We let out a collective cheer as we exited the damp forest into this sunny bog

I was excited to see sundews in dense bunches at my feet, most of them flowering in the sunshine of the bog (sorry, no closeups)

At the end of each day, we'd inevitably spill out onto a beach where we'd ultimately set up camp.  This last photo of a petrified dragon (technically a plant) will segue us into the next post descriving my favorite part of the journey, the fauna.

Saturday, September 24, 2011

Fungi of the West Coast Trail

A month ago, I joined some friends to embark on the ultimate weight loss trip combined with an episode of Survivor.  We did the West Coast Trail.  I took hundreds of photos, and thankfully for you, I will not show them all.  Not all at once, anyways.  So hereby, I present part one of the series, a trip into death and decay, and the life that flourishes as a result. 

Possibly Laetiporus sulphureus
I've never had the patience for fungi identification, but the more interesting forms seemed to deserve a photo, and this one was unique enough that browsing a few hundred photos on Google images turned up this name, so that's the name I'll stick with.
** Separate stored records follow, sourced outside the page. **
(* Let $H$ be a history generated by KSFTM and $T_i$ a transaction of $H$. If (after the last event of $H$) $tutl_i < ct_i$, then there exists a transaction $T_j$ committed in $H$ with $wts_j > wts_i$.
   Context: Algorithm KSFTM (parameters $K\ge1$, $C>0$, $incVal\ge1$). Global atomic counter $G\_tCntr$, initially 1. Each t-object $x$ stores at most $K$ versions $\langle ts, val, rl, vrt\rangle$; initially $\langle 0,0,\emptyset,0\rangle$; a version with timestamp $ts>0$ is installed only by a committing transaction $T_j$ as $\langle wts_j, v, \emptyset, tltl_j\rangle$. Transaction $T_i$ has $its_i, cts_i, wts_i$, limits $tltl_i, tutl_i$, commit time $ct_i$, flag $valid_i$, status. begin($its$): $cts_i$ := counter value, counter atomically incremented; $its_i := cts_i$ if $its$ nil else $its$; $wts_i := cts_i + C(cts_i-its_i)$; $tltl_i := cts_i$; $tutl_i := ct_i := \infty$. read($x$) (non-local): $cur$ := version with largest $ts < wts_i$ (abort if none); if a version $next$ with smallest $ts>wts_i$ exists, $tutl_i := \min(tutl_i, next.vrt-1)$; $tltl_i := \max(tltl_i, cur.vrt+1)$; abort if $tltl_i > tutl_i$; otherwise record the read in $cur.rl$. tryC: abort if $valid_i$ false; for written $x$: $prev_x$ (largest $ts<wts_i$, abort if none), $next_x$ (smallest $ts>wts_i$); conflict checks against readers of $prev_x$ with larger $wts$ (abort $T_i$ or mark them); $tltl_i := \max(tltl_i, prev_x.vrt+1)$, $tutl_i := \min(tutl_i, next_x.vrt-1)$; $ct_i$ := counter atomically increased by $incVal$ (new value); $tutl_i := \min(tutl_i, ct_i)$; abort if $tltl_i > tutl_i$; checks against readers $T_k$ of $prev_x$ with smaller $wts$ and $tltl_k \ge tutl_i$ (abort $T_i$ or mark $T_k$); then $tltl_i := tutl_i$; for such unaborted readers $T_k$, $tutl_k := \min(tutl_k, tltl_i-1)$; invalidate marked transactions; install for each written $x$ the version $\langle wts_i, v, \emptyset, tltl_i\rangle$; commit. abort: $valid_i$ false, status abort. *)

theory Defs
  imports Main "HOL-Library.Extended_Real"
begin

text \<open>Transactions are identified by natural numbers, t-objects have type 'x,
  values have type 'v (with initial value 0).  Each operation
  (begin, read, write, tryC, abort) is one atomic step.\<close>

datatype status = Live | Committed | Aborted

record 'v version =
  vts  :: real
  vval :: 'v
  vrl  :: "nat set"
  vvrt :: ereal

record ('x, 'v) txn =
  t_its    :: nat
  t_cts    :: nat
  t_wts    :: real
  t_tltl   :: ereal
  t_tutl   :: ereal
  t_ct     :: ereal
  t_valid  :: bool
  t_status :: status
  t_wset   :: "'x \<Rightarrow> 'v option"

record ('x, 'v) state =
  cntr  :: nat
  store :: "'x \<Rightarrow> 'v version set"
  txs   :: "nat \<Rightarrow> ('x, 'v) txn option"

datatype ('x, 'v) event =
    Begin nat
  | Read nat 'x 'v
  | ReadAbort nat 'x
  | Write nat 'x 'v
  | Commit nat
  | TryCAbort nat
  | AbortEv nat

definition init_state :: "('x, 'v::zero) state" where
  "init_state = \<lparr> cntr = 1,
     store = (\<lambda>x. {\<lparr>vts = 0, vval = 0, vrl = {}, vvrt = 0\<rparr>}),
     txs = (\<lambda>i. None) \<rparr>"

definition has_prev :: "'v version set \<Rightarrow> real \<Rightarrow> bool" where
  "has_prev V w \<longleftrightarrow> (\<exists>u\<in>V. vts u < w)"

definition is_prev :: "'v version set \<Rightarrow> real \<Rightarrow> 'v version \<Rightarrow> bool" where
  "is_prev V w c \<longleftrightarrow> c \<in> V \<and> vts c < w \<and> (\<forall>u\<in>V. vts u < w \<longrightarrow> vts u \<le> vts c)"

definition prev_v :: "'v version set \<Rightarrow> real \<Rightarrow> 'v version" where
  "prev_v V w = (SOME c. is_prev V w c)"

definition is_next :: "'v version set \<Rightarrow> real \<Rightarrow> 'v version \<Rightarrow> bool" where
  "is_next V w c \<longleftrightarrow> c \<in> V \<and> w < vts c \<and> (\<forall>u\<in>V. w < vts u \<longrightarrow> vts c \<le> vts u)"

definition nxt_lim :: "'v version set \<Rightarrow> real \<Rightarrow> ereal" where
  "nxt_lim V w = (if \<exists>c. is_next V w c then vvrt (SOME c. is_next V w c) - 1 else \<infinity>)"

definition abort_tx :: "('x, 'v) txn \<Rightarrow> ('x, 'v) txn" where
  "abort_tx t = t\<lparr>t_valid := False, t_status := Aborted\<rparr>"

definition wset_dom :: "('x, 'v) txn \<Rightarrow> 'x set" where
  "wset_dom t = {x. t_wset t x \<noteq> None}"

definition lo_lim :: "('x, 'v) state \<Rightarrow> 'x set \<Rightarrow> real \<Rightarrow> ereal" where
  "lo_lim s S w = (SUP x\<in>S. vvrt (prev_v (store s x) w) + 1)"

definition hi_lim :: "('x, 'v) state \<Rightarrow> 'x set \<Rightarrow> real \<Rightarrow> ereal" where
  "hi_lim s S w = (INF x\<in>S. nxt_lim (store s x) w)"

definition readers :: "('x, 'v) state \<Rightarrow> 'x set \<Rightarrow> real \<Rightarrow> nat set" where
  "readers s S w = (\<Union>x\<in>S. vrl (prev_v (store s x) w))"

definition trimK :: "nat \<Rightarrow> 'v version set \<Rightarrow> 'v version set" where
  "trimK K V = (if card V > K then V - {SOME u. u \<in> V \<and> (\<forall>v\<in>V. vts u \<le> vts v)} else V)"

definition upd_tx :: "('x, 'v) state \<Rightarrow> nat \<Rightarrow> ('x, 'v) txn \<Rightarrow> ('x, 'v) state" where
  "upd_tx s i t = s\<lparr>txs := (txs s)(i \<mapsto> t)\<rparr>"

inductive ksftm_step ::
  "nat \<Rightarrow> real \<Rightarrow> nat \<Rightarrow> ('x, 'v) state \<Rightarrow> ('x, 'v) event \<Rightarrow> ('x, 'v) state \<Rightarrow> bool"
  for K :: nat and C :: real and incVal :: nat where
  begin_new:
    "txs s i = None \<Longrightarrow>
     ksftm_step K C incVal s (Begin i)
       (s\<lparr>cntr := cntr s + 1,
          txs := (txs s)(i \<mapsto> \<lparr> t_its = cntr s, t_cts = cntr s, t_wts = real (cntr s),
             t_tltl = ereal (real (cntr s)), t_tutl = \<infinity>, t_ct = \<infinity>, t_valid = True,
             t_status = Live, t_wset = (\<lambda>x. None) \<rparr>)\<rparr>)"
| begin_retry:
    "\<lbrakk> txs s i = None; txs s k = Some tk; t_status tk = Aborted; its = t_its tk \<rbrakk> \<Longrightarrow>
     ksftm_step K C incVal s (Begin i)
       (s\<lparr>cntr := cntr s + 1,
          txs := (txs s)(i \<mapsto> \<lparr> t_its = its, t_cts = cntr s,
             t_wts = real (cntr s) + C * (real (cntr s) - real its),
             t_tltl = ereal (real (cntr s)), t_tutl = \<infinity>, t_ct = \<infinity>, t_valid = True,
             t_status = Live, t_wset = (\<lambda>x. None) \<rparr>)\<rparr>)"
| read_local:
    "\<lbrakk> txs s i = Some t; t_status t = Live; t_wset t x = Some v \<rbrakk> \<Longrightarrow>
     ksftm_step K C incVal s (Read i x v) s"
| read_noprev:
    "\<lbrakk> txs s i = Some t; t_status t = Live; t_wset t x = None;
       \<not> has_prev (store s x) (t_wts t) \<rbrakk> \<Longrightarrow>
     ksftm_step K C incVal s (ReadAbort i x) (upd_tx s i (abort_tx t))"
| read_abort:
    "\<lbrakk> txs s i = Some t; t_status t = Live; t_wset t x = None;
       has_prev (store s x) (t_wts t);
       c = prev_v (store s x) (t_wts t);
       tl' = max (t_tltl t) (vvrt c + 1);
       tu' = min (t_tutl t) (nxt_lim (store s x) (t_wts t));
       tl' > tu' \<rbrakk> \<Longrightarrow>
     ksftm_step K C incVal s (ReadAbort i x)
       (upd_tx s i (abort_tx (t\<lparr>t_tltl := tl', t_tutl := tu'\<rparr>)))"
| read_ok:
    "\<lbrakk> txs s i = Some t; t_status t = Live; t_wset t x = None;
       has_prev (store s x) (t_wts t);
       c = prev_v (store s x) (t_wts t);
       tl' = max (t_tltl t) (vvrt c + 1);
       tu' = min (t_tutl t) (nxt_lim (store s x) (t_wts t));
       tl' \<le> tu' \<rbrakk> \<Longrightarrow>
     ksftm_step K C incVal s (Read i x (vval c))
       (upd_tx (s\<lparr>store := (store s)(x := (store s x - {c}) \<union> {c\<lparr>vrl := insert i (vrl c)\<rparr>})\<rparr>)
          i (t\<lparr>t_tltl := tl', t_tutl := tu'\<rparr>))"
| write_step:
    "\<lbrakk> txs s i = Some t; t_status t = Live \<rbrakk> \<Longrightarrow>
     ksftm_step K C incVal s (Write i x v) (upd_tx s i (t\<lparr>t_wset := (t_wset t)(x \<mapsto> v)\<rparr>))"
| tryc_invalid:
    "\<lbrakk> txs s i = Some t; t_status t = Live; \<not> t_valid t \<rbrakk> \<Longrightarrow>
     ksftm_step K C incVal s (TryCAbort i) (upd_tx s i (abort_tx t))"
| tryc_abort_early:
    "\<lbrakk> txs s i = Some t; t_status t = Live; t_valid t;
       S \<subseteq> wset_dom t; \<forall>x\<in>S. has_prev (store s x) (t_wts t) \<rbrakk> \<Longrightarrow>
     ksftm_step K C incVal s (TryCAbort i)
       (upd_tx s i (abort_tx (t\<lparr>t_tltl := max (t_tltl t) (lo_lim s S (t_wts t)),
                                t_tutl := min (t_tutl t) (hi_lim s S (t_wts t))\<rparr>)))"
| tryc_abort_late:
    "\<lbrakk> txs s i = Some t; t_status t = Live; t_valid t; W = wset_dom t;
       \<forall>x\<in>W. has_prev (store s x) (t_wts t);
       tl1 = max (t_tltl t) (lo_lim s W (t_wts t));
       ctv = cntr s + incVal;
       tu2 = min (min (t_tutl t) (hi_lim s W (t_wts t))) (ereal (real ctv)) \<rbrakk> \<Longrightarrow>
     ksftm_step K C incVal s (TryCAbort i)
       (upd_tx (s\<lparr>cntr := ctv\<rparr>) i
          (abort_tx (t\<lparr>t_tltl := tl1, t_tutl := tu2, t_ct := ereal (real ctv)\<rparr>)))"
| tryc_commit:
    "\<lbrakk> txs s i = Some t; t_status t = Live; t_valid t; W = wset_dom t; w = t_wts t;
       \<forall>x\<in>W. has_prev (store s x) w;
       tl1 = max (t_tltl t) (lo_lim s W w);
       ctv = cntr s + incVal;
       tu2 = min (min (t_tutl t) (hi_lim s W w)) (ereal (real ctv));
       tl1 \<le> tu2;
       R = readers s W w;
       \<forall>k\<in>M. k \<in> R \<and> k \<noteq> i \<and> (\<exists>tk. txs s k = Some tk \<and> t_status tk = Live \<and>
                 (t_wts tk > w \<or> (t_wts tk < w \<and> t_tltl tk \<ge> tu2))) \<rbrakk> \<Longrightarrow>
     ksftm_step K C incVal s (Commit i)
       (s\<lparr>cntr := ctv,
          store := (\<lambda>x. if x \<in> W
                        then trimK K (insert \<lparr>vts = w, vval = the (t_wset t x), vrl = {}, vvrt = tu2\<rparr>
                                               (store s x))
                        else store s x),
          txs := (\<lambda>k. if k = i
                       then Some (t\<lparr>t_tltl := tu2, t_tutl := tu2, t_ct := ereal (real ctv),
                                     t_status := Committed\<rparr>)
                       else map_option (\<lambda>tk. tk\<lparr>
                              t_valid := (t_valid tk \<and> k \<notin> M),
                              t_tutl := (if k \<in> R \<and> k \<notin> M \<and> t_wts tk < w \<and> t_status tk \<noteq> Aborted
                                         then min (t_tutl tk) (tu2 - 1) else t_tutl tk)\<rparr>)
                            (txs s k))\<rparr>)"
| abort_step:
    "\<lbrakk> txs s i = Some t; t_status t = Live \<rbrakk> \<Longrightarrow>
     ksftm_step K C incVal s (AbortEv i) (upd_tx s i (abort_tx t))"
A type of bolete?  Unfortunately, I didn't think of getting a photo of the underside

Gnome Plant
All the photos that I've been able to find of Indian Pipe show its flowers dropping down, and never in full bloom, so I am somewhat doubtful of the ID, though I have found nothing else remotely similar in appearance.  I found these inside a shallow hole of a long-rotten log.  Indian Pipe is actually a plant, and a parasitic one at that, but it's non-photosyntheticness puts it in this category.  **update** Thanks Hugh, this does indeed appear to be a gnome plant.  It's biology seems to be quite related to Indian Pipe, and even rarer.

Bleeding tooth mushroom (foreground)
The spores of the bleeding tooth mushroom settle on rotting carcasses, and continue to extract blood from them long after the rest of the forest has mossed over the body and bones.  At least that's what they want you to think.  In reality, the syrupy red liquid oozes out of the mushroom's pores.  It is not poisonous.  But you're not a vampire, so don't bother.